From the U.S. Department of Commerce, Department of Justice, and Office of the Director of National Intelligence, the white paper suggests that the ECJ ruling was interim in nature, pending investigation of U.S. national security practices to better understand whether they comport with EU General Data Protection Regulation norms, such as data minimization, which means collecting only data necessary to the legitimate purpose at hand. The paper states:
A wide range of information about privacy protections in current U.S. law and practice relating to government access to data for national security purposes is publicly available. The United States government has prepared this White Paper to provide a detailed discussion of that information, focusing in particular on the issues that appear to have concerned the ECJ in Schrems II, for consideration by companies transferring personal data from the EU to the United States. The White Paper provides an up-to-date and contextualized discussion of this complex area of U.S. law and practice, as well as citations to source documents providing additional relevant information. It also provides some initial observations concerning the relevance of this area of U.S. law and practice that may bear on many companies’ analyses. The White Paper is not intended to provide companies guidance about EU law or what positions to take before European courts or regulators.

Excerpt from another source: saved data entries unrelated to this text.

(* Let $X$ be a Polish space and let $T$ be either a (global) jointly continuous semigroup on $X$ or a local semigroup on $X$, and let $A$ be the Lie generator of $T$. Then $A$ has a positive eigenvalue (i.e. there exist $\lambda>0$ and $f \in D(A)$, $f\neq 0$, with $Af=\lambda f$) if and only if $T$ is a local semigroup.
   Context: $CB(X)$ denotes the Banach space (sup norm) of bounded continuous real-valued functions on $X$. A (global) jointly continuous semigroup on $X$ is a map $t\mapsto T(t)$ from $[0,\infty)$ to the set of maps $X\to X$ such that $T(0)x=x$ for all $x\in X$, $T(t)T(s)=T(t+s)$ for all $t,s\ge 0$ (composition), and $(t,x)\mapsto T(t)x$ is continuous on $[0,\infty)\times X$. A local semigroup on $X$ is given by a function $m: X\to(0,\infty]$ such that $1/m$ (with $1/\infty=0$) is continuous and $m$ is not identically $\infty$, together with maps $T(t)$ such that: $x\in D(T(t))$ if and only if $t\in[0,m(x))$; $T(0)x=x$; for $t,s\ge0$ and $x\in X$, $T(t)T(s)x=T(t+s)x$ holds if and only if $t+s<m(x)$; $(t,x)\mapsto T(t)x$ is continuous on $\{(t,x): 0\le t<m(x)\}$; and $T$ is maximal: if $\lim_{t\to s^-}T(t)x$ exists then $s<m(x)$. The Lie generator of $T$ is the linear operator $A$ on $CB(X)$ given by $A=\{(f,g)\in CB(X)^2 : g(x)=\lim_{t\to0^+}\frac1t\,(f(T(t)x)-f(x)) \text{ for every } x\in X\}$, i.e. $f\in D(A)$ and $Af=g$ exactly when this limit exists for every $x$ and defines a function $g\in CB(X)$. *)

theory Defs
  imports "HOL-Analysis.Analysis" "HOL-Library.Extended_Real"
begin

definition global_semigroup :: "(real \<Rightarrow> 'a::topological_space \<Rightarrow> 'a) \<Rightarrow> bool" where
  "global_semigroup T \<longleftrightarrow>
     (\<forall>x. T 0 x = x) \<and>
     (\<forall>t s x. 0 \<le> t \<longrightarrow> 0 \<le> s \<longrightarrow> T t (T s x) = T (t + s) x) \<and>
     continuous_on ({0..} \<times> UNIV) (\<lambda>(t, x). T t x)"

Armed with this additional information, then, the message to the private sector seems to be, Keep Calm and Carry On, using the very same "standard contractual clauses" (SCCs) that the ECJ invalidated. Yet if the information featured in the white paper has been publicly available, why assume that the ECJ was ill informed? (Read more about SCC revisions under way, and their likely shortcomings, at IAPP.)
Unfortunately for the U.S. position, the ECJ opinion was not, to my reading, in any way temporary, or malleable, pending further development of the record. The white paper comes off as another installment in the now quarter-century-old U.S. policy that the emperor is fully clothed.
I hope this white paper is only a stop-gap. As I said in a Boston Bar CLE recently, no privacy bill now pending in Congress will bridge the divide between the continents on the subject of U.S. security surveillance. A political negotiation, which might involve some give from the American side at least in transparency, seems now to be our only way forward.
The white paper is Information on U.S. Privacy Safeguards Relevant to SCCs and Other EU Legal Bases for EU-U.S. Data Transfers after Schrems II (Sept. 2020).